▶ WORK INSTRUCTIONS:
For the entries below, print exactly the lines between the line holding "(* qualified names: Infinite_Set_Sum" and the line holding "using infsum_swap_banach[OF sum] .", inclusive, and nothing else.

[[ DATA FOR THIS TASK, beginning ]]

lemma range_subset_imp_factor:
  fixes P :: "'a::field^'n^'m" and Q :: "'a^'p^'m"
  assumes "range ((*v) P) \<subseteq> range ((*v) Q)"
  shows "\<exists>Y. P = Q ** Y"
proof -
  have "\<forall>j. \<exists>y. P *v axis j 1 = Q *v y"
    using assms by blast
  then obtain y where y: "\<And>j. P *v axis j 1 = Q *v y j"
    by metis
  have "P $ i $ j = (Q ** (\<chi> l j. y j $ l)) $ i $ j" for i j
  proof -
    have "P $ i $ j = (Q *v y j) $ i"
      by (metis y matrix_vector_mult_axis)
    also have "\<dots> = (Q ** (\<chi> l j. y j $ l)) $ i $ j"
      by (simp add: matrix_vector_mult_def matrix_matrix_mult_def)
    finally show ?thesis .
  qed
  then have "P = Q ** (\<chi> l j. y j $ l)"
    by (simp add: vec_eq_iff)
  then show ?thesis ..
qed

lemma range_matrix_mult_subset: "range ((*v) (P ** Q)) \<subseteq> range ((*v) P)"
  by (auto simp flip: matrix_vector_mul_assoc)

lemma rank_eq_dim_range_transpose: "rank A = vec.dim (range ((*v) (transpose A)))"
  by (metis span_columns_eq_range columns_transpose row_rank_def_gen vec.dim_span)

lemma rank_mult_le_right: "rank (A ** B) \<le> rank (B::'a::field^'n^'m)"
  unfolding rank_eq_dim_range_transpose matrix_transpose_mul
  by (rule vec.dim_subset[OF range_matrix_mult_subset])

lemma rank_mult_eq_imp_factor:
  fixes A B :: "'a::field^'n^'n"
  assumes "rank (A ** B) = rank B"
  shows "\<exists>Z. B = Z ** (A ** B)"
proof -
  have subspace: "vec.subspace (range ((*v) T))" for T :: "'a^'n^'n"
    using vec.subspace_image[OF vec.subspace_UNIV, of T] by simp
  have "range ((*v) (transpose B ** transpose A)) = range ((*v) (transpose B))"
    by (rule vec.subspace_dim_equal[OF subspace subspace range_matrix_mult_subset])
      (use assms in \<open>simp add: rank_eq_dim_range_transpose matrix_transpose_mul\<close>)
  then obtain Y where "transpose B = (transpose B ** transpose A) ** Y"
    using range_subset_imp_factor[of "transpose B" "transpose B ** transpose A"] by auto
  then have "transpose (transpose B) = transpose ((transpose B ** transpose A) ** Y)"
    by simp
  then have "B = transpose Y ** (A ** B)"
    by (simp add: matrix_transpose_mul)
  then show ?thesis ..
qed

lemma mrange_eq_range: "mrange M = range ((*v) M)"
  by (auto simp: mrange_def)

lemma mrange_mult_subset: "mrange (R ** T) \<subseteq> mrange R"
  unfolding mrange_eq_range by (rule range_matrix_mult_subset)

lemma mrange_subset_imp_fixed:
  assumes "mrange X \<subseteq> mrange R" and "E ** R = R"
  shows "E ** X = X"
proof -
  obtain Y where "X = R ** Y"
    using assms(1) range_subset_imp_factor unfolding mrange_eq_range by blast
  then show ?thesis
    using assms(2) by (simp add: matrix_mul_assoc)
qed

section \<open>The Drazin inverse\<close>

text \<open>
  The exponent \<open>m\<close> is only a witness: \<open>G\<close> does not depend on it (\<open>drazin_unique\<close>), and
  every \<open>m \<ge> ind M\<close> will do (\<open>mpow_Suc_mult_drazin\<close>).
\<close>

definition is_drazin :: "'n::finite cmat \<Rightarrow> 'n cmat \<Rightarrow> nat \<Rightarrow> bool" where
  "is_drazin M G m \<longleftrightarrow> M ** G = G ** M \<and> G ** M ** G = G \<and> mpow M (Suc m) ** G = mpow M m"

lemma commuting_outer_inverse_mpow_left:
  assumes c: "M ** G = G ** M" and g: "G ** M ** G = G"
  shows "mpow G (Suc j) ** mpow M j = G"
proof (induction j)
  case (Suc j)
  have "mpow G (Suc (Suc j)) ** mpow M (Suc j) = G ** (mpow G (Suc j) ** mpow M j) ** M"
    by (metis mpow.simps(2) mpow_Suc_right matrix_mul_assoc)
  also have "\<dots> = G ** G ** M"
    using Suc.IH by simp
  also have "\<dots> = G"
    by (metis c g matrix_mul_assoc)
  finally show ?case .
qed simp

lemma commuting_outer_inverse_mpow_right:
  assumes c: "M ** G = G ** M" and g: "G ** M ** G = G"
  shows "mpow M j ** mpow G (Suc j) = G"
proof (induction j)
  case (Suc j)
  have "mpow M (Suc j) ** mpow G (Suc (Suc j)) = M ** (mpow M j ** mpow G (Suc j)) ** G"
    by (metis mpow.simps(2) mpow_Suc_right matrix_mul_assoc)
  also have "\<dots> = M ** G ** G"
    using Suc.IH by simp
  also have "\<dots> = G"
    by (metis c g matrix_mul_assoc)
  finally show ?case .
qed simp

lemma commuting_outer_inverse_mpow_diff:
  assumes c: "M ** G = G ** M" and g: "G ** M ** G = G"
  shows "mpow (M - M ** G ** M) (Suc j) = mpow M (Suc j) - mpow M (Suc (Suc j)) ** G"
proof (induction j)
  case 0
  have "M ** G ** M = M ** M ** G"
    by (metis c matrix_mul_assoc)
  then show ?case by simp
next
  case (Suc j)
  let ?P = "mpow M (Suc j)" and ?Q = "mpow M (Suc (Suc j)) ** G"
  have cG: "G ** mpow M i = mpow M i ** G" for i
    using mpow_commute c by metis
  have "M ** G ** M ** ?P = M ** (G ** mpow M (Suc (Suc j)))"
    by (simp only: mpow.simps(2) matrix_mul_assoc)
  then have GP: "M ** G ** M ** ?P = M ** ?Q"
    by (simp only: cG)
  have "M ** G ** M ** ?Q = M ** (G ** (M ** mpow M (Suc (Suc j)))) ** G"
    by (simp only: matrix_mul_assoc)
  also have "\<dots> = M ** (G ** mpow M (Suc (Suc j))) ** M ** G"
    by (simp only: mpow_mult_commute matrix_mul_assoc)
  also have "\<dots> = M ** (mpow M (Suc (Suc j)) ** G) ** M ** G"
    by (simp only: cG)
  also have "\<dots> = M ** mpow M (Suc (Suc j)) ** (G ** M ** G)"
    by (simp only: matrix_mul_assoc)
  finally have GQ: "M ** G ** M ** ?Q = M ** ?Q"
    by (simp only: g matrix_mul_assoc)
  have "mpow (M - M ** G ** M) (Suc (Suc j)) = (M - M ** G ** M) ** (?P - ?Q)"
    using Suc.IH by simp
  also have "\<dots> = M ** ?P - M ** ?Q"
    by (simp only: matrix_diff_ldistrib matrix_diff_rdistrib GP GQ) simp
  finally show ?case
    by (simp add: matrix_mul_assoc)
qed
(* Let $(\mu_n)_{n\ge0}$ be a non-increasing sequence of positive numbers such that $\sum_{n=0}^\infty\mu_n<\infty$. Then the restrictions $H^1_\mu:\ell^1_A\to\ell^1_A$ and $C^1_\mu:\ell^1_A\to\ell^1_A$ of $H_\mu$ and $C_\mu$ are nuclear operators. Moreover, the operator $H_\mu:\ell^\infty_A\to\ell^\infty_A$ satisfies $H_\mu=(H^1_\mu)^*$ and is a compact operator.
   Context: $\ell^p_A$ ($1\le p<\infty$) is the space of $f(z)=\sum_{n\ge0}a_nz^n\in H(\mathbb{D})$ with $\|f\|_p^p=\sum_n|a_n|^p<\infty$, and $\ell^\infty_A$ those with $\|f\|_\infty=\sup_n|a_n|<\infty$; functions are identified with coefficient sequences, so $\ell^\infty_A=(\ell^1_A)^*$ via $\langle x,y\rangle=\sum_nx_ny_n$. $H_\mu:\ell^\infty_A\to\ell^\infty_A$, $H_\mu((a_n)_{n\ge0})=\left(\sum_{n=0}^\infty\mu_{n+k}a_n\right)_{k\ge0}$ and $C_\mu:\ell^\infty_A\to\ell^\infty_A$, $C_\mu((a_n)_{n\ge0})=\left(\mu_k\sum_{n=0}^ka_n\right)_{k\ge0}$. An operator $T:X\to Y$ is nuclear if $T=\sum_nx_n^*(\cdot)y_n$ with $x_n^*\in X^*$, $y_n\in Y$, $\sum_n\|x_n^*\|\|y_n\|<\infty$. *)

theory Defs
  imports "HOL-Analysis.Analysis"
begin

text \<open>Elements of the spaces are identified with their coefficient sequences.\<close>

definition ell1 :: "(nat \<Rightarrow> complex) set" where
  "ell1 = {a. summable (\<lambda>n. norm (a n))}"

definition norm1 :: "(nat \<Rightarrow> complex) \<Rightarrow> real" where
  "norm1 a = (\<Sum>n. norm (a n))"

definition ellinf :: "(nat \<Rightarrow> complex) set" where
  "ellinf = {a. bounded (range a)}"

definition norminf :: "(nat \<Rightarrow> complex) \<Rightarrow> real" where
  "norminf a = (SUP n. norm (a n))"

definition pairing :: "(nat \<Rightarrow> complex) \<Rightarrow> (nat \<Rightarrow> complex) \<Rightarrow> complex" where
  "pairing x y = (\<Sum>n. x n * y n)"

definition Hmu :: "(nat \<Rightarrow> real) \<Rightarrow> (nat \<Rightarrow> complex) \<Rightarrow> (nat \<Rightarrow> complex)" where
  "Hmu \<mu> a = (\<lambda>k. \<Sum>n. complex_of_real (\<mu> (n + k)) * a n)"

definition Cmu :: "(nat \<Rightarrow> real) \<Rightarrow> (nat \<Rightarrow> complex) \<Rightarrow> (nat \<Rightarrow> complex)" where
  "Cmu \<mu> a = (\<lambda>k. complex_of_real (\<mu> k) * (\<Sum>n\<le>k. a n))"

text \<open>Nuclear operator ell1 -> ell1: T = sum_n x_n^*(.) y_n with x_n^* in (ell1)^* = ellinf
  (acting via the pairing), y_n in ell1, and sum ||x_n^*|| ||y_n|| < infinity;
  the series converges in the ell1 norm.\<close>
definition nuclear_ell1 :: "((nat \<Rightarrow> complex) \<Rightarrow> (nat \<Rightarrow> complex)) \<Rightarrow> bool" where
  "nuclear_ell1 T \<longleftrightarrow>
    (\<exists>xs ys :: nat \<Rightarrow> nat \<Rightarrow> complex.
       (\<forall>n. xs n \<in> ellinf \<and> ys n \<in> ell1) \<and>
       summable (\<lambda>n. norminf (xs n) * norm1 (ys n)) \<and>
       (\<forall>x\<in>ell1. T x \<in> ell1 \<and>
          (\<lambda>N. norm1 (\<lambda>k. T x k - (\<Sum>n<N. pairing x (xs n) * ys n k))) \<longlonglongrightarrow> 0))"

definition compact_ellinf :: "((nat \<Rightarrow> complex) \<Rightarrow> (nat \<Rightarrow> complex)) \<Rightarrow> bool" where
  "compact_ellinf T \<longleftrightarrow>
    (\<forall>a\<in>ellinf. T a \<in> ellinf) \<and>
    (\<forall>a\<in>ellinf. \<forall>b\<in>ellinf. \<forall>c::complex.
        T (\<lambda>k. a k + b k) = (\<lambda>k. T a k + T b k) \<and> T (\<lambda>k. c * a k) = (\<lambda>k. c * T a k)) \<and>
    (\<forall>x :: nat \<Rightarrow> nat \<Rightarrow> complex. (\<forall>n. x n \<in> ellinf \<and> norminf (x n) \<le> 1) \<longrightarrow>
       (\<exists>r y. strict_mono r \<and> y \<in> ellinf \<and>
          (\<lambda>n. norminf (\<lambda>k. T (x (r n)) k - y k)) \<longlonglongrightarrow> 0))"

end

theory Submission
  imports Defs
begin

(* On l^1 both operators act as T x = (<x, r_k>)_k with rows r_k in l^oo of norm at most mu_k
   (r_k = (mu_(n+k))_n for H_mu, and mu_k times the indicator of {0..k} for C_mu), so
   T = sum_k <-, r_k> e_k is a nuclear representation as soon as mu is summable.
   The duality <H_mu x, a> = <x, H_mu a> is Fubini for the absolutely summable double series
   sum_(n,k) x_n mu_(n+k) a_k.  For compactness, H_mu maps the unit ball of l^oo into sequences
   dominated by the tails t_k = sum_n mu_(n+k), which tend to 0; a pointwise convergent
   subsequence (Tychonoff) is therefore uniformly convergent. *)

lemma norm_le_norminf: "a \<in> ellinf \<Longrightarrow> norm (a n) \<le> norminf a"
  unfolding ellinf_def norminf_def
  by (intro cSUP_upper) (auto simp: bounded_iff bdd_above_def)

lemma norminf_le: "(\<And>n. norm (a n) \<le> M) \<Longrightarrow> norminf a \<le> M"
  unfolding norminf_def by (intro cSUP_least) auto

lemma ellinfI: "(\<And>n. norm (a n) \<le> M) \<Longrightarrow> a \<in> ellinf"
  unfolding ellinf_def bounded_iff by auto

lemma norminf_nonneg: "a \<in> ellinf \<Longrightarrow> 0 \<le> norminf a"
  using norm_le_norminf[of a 0] norm_ge_zero order_trans by blast

lemma summable_norm_mult_bounded:
  fixes a b :: "nat \<Rightarrow> 'a::real_normed_algebra"
  assumes "summable (\<lambda>n. norm (a n))" and "\<And>n. norm (b n) \<le> M"
  shows "summable (\<lambda>n. norm (a n * b n))"
  by (rule summable_comparison_test'[where N=0, OF summable_mult2[OF assms(1), of M]])
    (simp add: order_trans[OF norm_mult_ineq mult_left_mono[OF assms(2) norm_ge_zero]])

lemma norm_pairing_le:
  assumes "x \<in> ell1" and "\<And>n. norm (b n) \<le> M"
  shows "norm (pairing x b) \<le> M * norm1 x"
proof -
  have x: "summable (\<lambda>n. norm (x n))"
    using assms(1) by (simp add: ell1_def)
  have xb: "summable (\<lambda>n. norm (x n * b n))"
    by (rule summable_norm_mult_bounded[OF x assms(2)])
  have "norm (pairing x b) \<le> (\<Sum>n. norm (x n * b n))"
    unfolding pairing_def by (rule summable_norm[OF xb])
  also have "\<dots> \<le> (\<Sum>n. norm (x n) * M)"
    by (intro suminf_le xb summable_mult2 x) (simp add: norm_mult mult_left_mono assms(2))
  also have "\<dots> = M * norm1 x"
    by (simp add: norm1_def suminf_mult[OF x] mult.commute)
  finally show ?thesis .
qed

lemma tendsto_suminf_tail:
  fixes f :: "nat \<Rightarrow> 'a::real_normed_vector"
  assumes "summable f"
  shows "(\<lambda>k. \<Sum>n. f (n + k)) \<longlonglongrightarrow> 0"
  using tendsto_diff[OF tendsto_const summable_LIMSEQ[OF assms], of "suminf f"]
  by (simp add: suminf_minus_initial_segment[OF assms])

lemma infsum_eq_suminf:
  fixes f :: "nat \<Rightarrow> 'a::{topological_comm_monoid_add, t2_space}"
  assumes "f summable_on UNIV"
  shows "infsum f UNIV = suminf f"
  using has_sum_imp_sums[OF has_sum_infsum[OF assms]] by (rule sums_unique)

lemma suminf_swap_abs_summable:
  fixes F :: "nat \<Rightarrow> nat \<Rightarrow> 'a::banach"
  assumes "(\<lambda>(n, k). norm (F n k)) summable_on UNIV \<times> UNIV"
  shows "(\<Sum>n. \<Sum>k. F n k) = (\<Sum>k. \<Sum>n. F n k)"
proof -
  (* qualified names: Infinite_Set_Sum declares a homonymous abs_summable_on *)
  have abs: "Infinite_Sum.abs_summable_on (\<lambda>(n, k). F n k) (UNIV \<times> UNIV)"
    using assms by (simp add: case_prod_unfold)
  have abs': "Infinite_Sum.abs_summable_on (\<lambda>(k, n). F n k) (UNIV \<times> UNIV)"
    using summable_on_swap[THEN iffD1, OF abs] by (simp add: case_prod_unfold)
  have rows: "F n summable_on UNIV" for n
    using abs Infinite_Sum.abs_summable_on_Sigma_iff[of "\<lambda>(n, k). F n k" UNIV "\<lambda>_. UNIV"]
    by (auto intro: abs_summable_summable)
  have cols: "(\<lambda>n. F n k) summable_on UNIV" for k
    using abs' Infinite_Sum.abs_summable_on_Sigma_iff[of "\<lambda>(k, n). F n k" UNIV "\<lambda>_. UNIV"]
    by (auto intro: abs_summable_summable)
  have sum: "(\<lambda>(n, k). F n k) summable_on UNIV \<times> UNIV"
    using abs by (rule abs_summable_summable)
  have sum': "(\<lambda>(k, n). F n k) summable_on UNIV \<times> UNIV"
    using abs' by (rule abs_summable_summable)
  have "(\<Sum>n. \<Sum>k. F n k) = infsum (\<lambda>n. infsum (F n) UNIV) UNIV"
    using summable_on_Sigma_banach[OF sum] rows by (simp add: infsum_eq_suminf)
  also have "\<dots> = infsum (\<lambda>k. infsum (\<lambda>n. F n k) UNIV) UNIV"
    using infsum_swap_banach[OF sum] .
  also have "\<dots> = (\<Sum>k. \<Sum>n. F n k)"
    using summable_on_Sigma_banach[OF sum'] cols by (simp add: infsum_eq_suminf)
  finally show ?thesis .
qed

lemma abs_summable_on_dominated_by_product:
  fixes F :: "nat \<Rightarrow> nat \<Rightarrow> 'a::real_normed_vector"
  assumes "\<And>n k. norm (F n k) \<le> g n * h k" and "summable g" and "summable h"
    and "\<And>n. 0 \<le> g n" and "\<And>k. 0 \<le> h k"
  shows "(\<lambda>(n, k). norm (F n k)) summable_on UNIV \<times> UNIV"
proof -
  have "((\<lambda>k. g n * h k) has_sum (g n * suminf h)) UNIV" for n
    using assms by (intro sums_nonneg_imp_has_sum sums_mult summable_sums) auto
  moreover have "(\<lambda>n. g n * suminf h) summable_on UNIV"
    using assms by (subst summable_on_UNIV_nonneg_real_iff)
      (auto intro!: summable_mult2 mult_nonneg_nonneg suminf_nonneg)
  ultimately have "(\<lambda>(n, k). g n * h k) summable_on UNIV \<times> UNIV"
    using assms by (intro summable_on_SigmaI[where g="\<lambda>n. g n * suminf h"]) auto
  then show ?thesis
    by (rule summable_on_comparison_test) (auto simp: assms(1))
qed

lemma nuclear_ell1_if_summable_rows:
  assumes rows: "\<And>k. r k \<in> ellinf" and summable_rows: "summable (\<lambda>k. norminf (r k))"
    and T: "\<And>x k. x \<in> ell1 \<Longrightarrow> T x k = pairing x (r k)"
  shows "nuclear_ell1 T"
proof -
  define e :: "nat \<Rightarrow> nat \<Rightarrow> complex" where "e n = (\<lambda>j. if j = n then 1 else 0)" for n
  have e_sums: "(\<lambda>j. norm (e n j)) sums 1" for n
    using sums_single[of n "\<lambda>_. 1::real"] by (simp add: e_def if_distrib cong: if_cong)
  have e: "e n \<in> ell1" "norm1 (e n) = 1" for n
    using e_sums[of n] by (auto simp: ell1_def norm1_def sums_iff)
  have "T x \<in> ell1 \<and> (\<lambda>N. norm1 (\<lambda>k. T x k - (\<Sum>n<N. pairing x (r n) * e n k))) \<longlonglongrightarrow> 0"
    if x: "x \<in> ell1" for x
  proof
    have "norm (T x k) \<le> norminf (r k) * norm1 x" for k
      unfolding T[OF x] by (rule norm_pairing_le[OF x norm_le_norminf[OF rows]])
    then have Tx: "summable (\<lambda>k. norm (T x k))"
      by (intro summable_comparison_test'[where N=0, OF summable_mult2[OF summable_rows]]) auto
    then show "T x \<in> ell1"
      by (simp add: ell1_def)
    have "norm1 (\<lambda>k. T x k - (\<Sum>n<N. pairing x (r n) * e n k)) = (\<Sum>k. norm (T x (k + N)))" for N
    proof -
      have truncate:
        "(\<lambda>k. T x k - (\<Sum>n<N. pairing x (r n) * e n k)) = (\<lambda>k. if k < N then 0 else T x k)"
        by (auto simp: e_def T[OF x] if_distrib cong: if_cong)
      have "summable (\<lambda>k. norm (if k < N then 0 else T x k))"
        by (rule summable_comparison_test'[where N=0, OF Tx]) auto
      from suminf_split_initial_segment[OF this, of N] show ?thesis
        unfolding norm1_def truncate by simp
    qed
    then show "(\<lambda>N. norm1 (\<lambda>k. T x k - (\<Sum>n<N. pairing x (r n) * e n k))) \<longlonglongrightarrow> 0"
      using tendsto_suminf_tail[OF Tx] by simp
  qed
  then show ?thesis
    unfolding nuclear_ell1_def using rows e summable_rows by (intro exI[of _ r] exI[of _ e]) auto
qed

[[ DATA FOR THIS TASK, end ]]

▶ TASK RESULT:
  (* qualified names: Infinite_Set_Sum declares a homonymous abs_summable_on *)
  have abs: "Infinite_Sum.abs_summable_on (\<lambda>(n, k). F n k) (UNIV \<times> UNIV)"
    using assms by (simp add: case_prod_unfold)
  have abs': "Infinite_Sum.abs_summable_on (\<lambda>(k, n). F n k) (UNIV \<times> UNIV)"
    using summable_on_swap[THEN iffD1, OF abs] by (simp add: case_prod_unfold)
  have rows: "F n summable_on UNIV" for n
    using abs Infinite_Sum.abs_summable_on_Sigma_iff[of "\<lambda>(n, k). F n k" UNIV "\<lambda>_. UNIV"]
    by (auto intro: abs_summable_summable)
  have cols: "(\<lambda>n. F n k) summable_on UNIV" for k
    using abs' Infinite_Sum.abs_summable_on_Sigma_iff[of "\<lambda>(k, n). F n k" UNIV "\<lambda>_. UNIV"]
    by (auto intro: abs_summable_summable)
  have sum: "(\<lambda>(n, k). F n k) summable_on UNIV \<times> UNIV"
    using abs by (rule abs_summable_summable)
  have sum': "(\<lambda>(k, n). F n k) summable_on UNIV \<times> UNIV"
    using abs' by (rule abs_summable_summable)
  have "(\<Sum>n. \<Sum>k. F n k) = infsum (\<lambda>n. infsum (F n) UNIV) UNIV"
    using summable_on_Sigma_banach[OF sum] rows by (simp add: infsum_eq_suminf)
  also have "\<dots> = infsum (\<lambda>k. infsum (\<lambda>n. F n k) UNIV) UNIV"
    using infsum_swap_banach[OF sum] .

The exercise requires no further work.